The first way developed of transferring genes from one organism to another is the method described on our Genetic engineering poster and in “How does genetic engineering work?”
A number of other ways have also been developed and they are all used in different situations to transfer genes from one organism to another for a variety of different reasons.
In this method, the desired gene is inserted into the genetic material of a virus. The virus is then allowed to infect the cells where the gene is needed. When the viral DNA infects the host cell, the desired gene goes with it and is incorporated into the host DNA. The virus itself is modified so that although it can carry the new gene into the cell, it cannot take over the metabolism to make thousands of copies of itself. As the cells then replicate normally, the new gene replicates as well and begins to produce proteins.
This is one of the simplest ways of manipulating the genes. The desired gene is removed from the original cell using a microscopically fine glass micropipette. It is then injected directly into the nucleus of the recipient cell. The injected gene incorporates itself into the host genetic material and begins to code for proteins. The main limitation to this technique is that not all cells are big enough to allow the micropipettes to penetrate without damaging the cell.

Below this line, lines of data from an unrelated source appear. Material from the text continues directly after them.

lemma finite_subset_incseq_UN:
  assumes "finite F" "F \<subseteq> (\<Union>N. A N)" "incseq A"
  shows "\<exists>N. F \<subseteq> A N"
proof -
  have "A m \<subseteq> A n \<or> A n \<subseteq> A m" for m n
    using nat_le_linear[of m n] \<open>incseq A\<close> by (auto simp: incseq_def)
  then have "subset.chain UNIV (range A)"
    by (auto simp: subset.chain_def)
  then obtain B where "B \<in> range A" "F \<subseteq> B"
    using finite_subset_Union_chain[OF assms(1)] assms(2) by blast
  then show ?thesis
    by blast
qed

theorem proposition6p8:
  fixes GN :: "nat \<Rightarrow> mat3 set"
  assumes "\<And>N. finite (GN N)"
    and "\<And>N. GN N \<subseteq> GammaSet"
    and "incseq GN"
    and "(\<Union>N. GN N) = GammaSet"
  shows "\<exists>N0. \<forall>N\<ge>N0. zariski_dense_SL3 (semigroup_gen (GN N))"
proof -
  obtain N0 where N0: "Gamma0 \<subseteq> GN N0"
    using finite_subset_incseq_UN[OF finite_Gamma0 _ assms(3)] Gamma0_subset_GammaSet assms(4)
    by auto
  have "zariski_dense_SL3 (semigroup_gen (GN N))" if "N \<ge> N0" for N
  proof -
    have "Gamma0 \<subseteq> GN N"
      using N0 \<open>incseq GN\<close> that by (auto simp: incseq_def)
    then have "SL3 \<subseteq> zariski_closure (semigroup_gen (GN N))"
      using SL3_subset_zariski_closure_Gamma0 zariski_closure_mono semigroup_gen_mono by blast
    moreover have "semigroup_gen (GN N) \<subseteq> SL3"
      using assms(2) GammaSet_subset_SL3 by (intro semigroup_gen_subset_SL3) blast
    ultimately show ?thesis
      by (auto simp: zariski_dense_SL3_def zariski_closure_SL3_eq)
  qed
  then show ?thesis
    by blast
qed

end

In microinjection the new DNA is introduced directly into the nucleus of the cell to be modified.
This technique involves making pores appear artificially in the membranes of the host cell so that the new DNA can enter the cell. The pores are created by exposing the cells to a weak electrical current. Amazingly, once a gene is inside a cell it will often find its way into the nucleus, because although a whole chromosome cannot escape through the nuclear pores, single genes can fit through.
This is another technique which relies on making artificial pores in the cell membrane to allow the new genes to go in. This method involves bathing the cells in a chemical solution which causes pores to appear in the cell membrane.
Here pores are created artificially using tiny laser beams to create holes in the membrane of the host cell before the new genes are introduced.
In this technique lasers are used to cut genes or larger chunks of chromosomes out of the DNA of one organism. They can also cut open the DNA of the recipient organism to make it easier for the new genes to be incorporated.
In yet another technique that sounds pure science fiction, scientists have found a way of firing new genes directly into the host cell. In one early model, tiny metal slivers, much smaller than a cell in size, were coated with the gene to be engineered into onion cells, chosen for their large size. The gene-coated metal slivers are then added to a cartridge which is loaded into a shotgun and fired. A metal plate with minute holes in it acted like a ballistic sieve, stopping the cartridge but allowing the slivers to pass through and into a solution of onion cells on the other side. Once in the cells, the genetic material is carried into the nucleus and is incorporated into the host genes, where as usual it directs protein synthesis. Gene guns are rather more sophisticated now but the principles are still the same. They are largely used for modifying plant genomes, but can be used for a range of other organisms too.
Gene guns fire new genes directly into the cells of the organism to be modified.
Nanoparticles have also been developed which can carry genes into cells. The nanoparticles are usually made of biodegradable polymers which can pass through extracellular and intracellular membranes, carrying the imported genes in to the cell DNA. They can also be used to genetically modify the DNA in mitochondria and chloroplasts.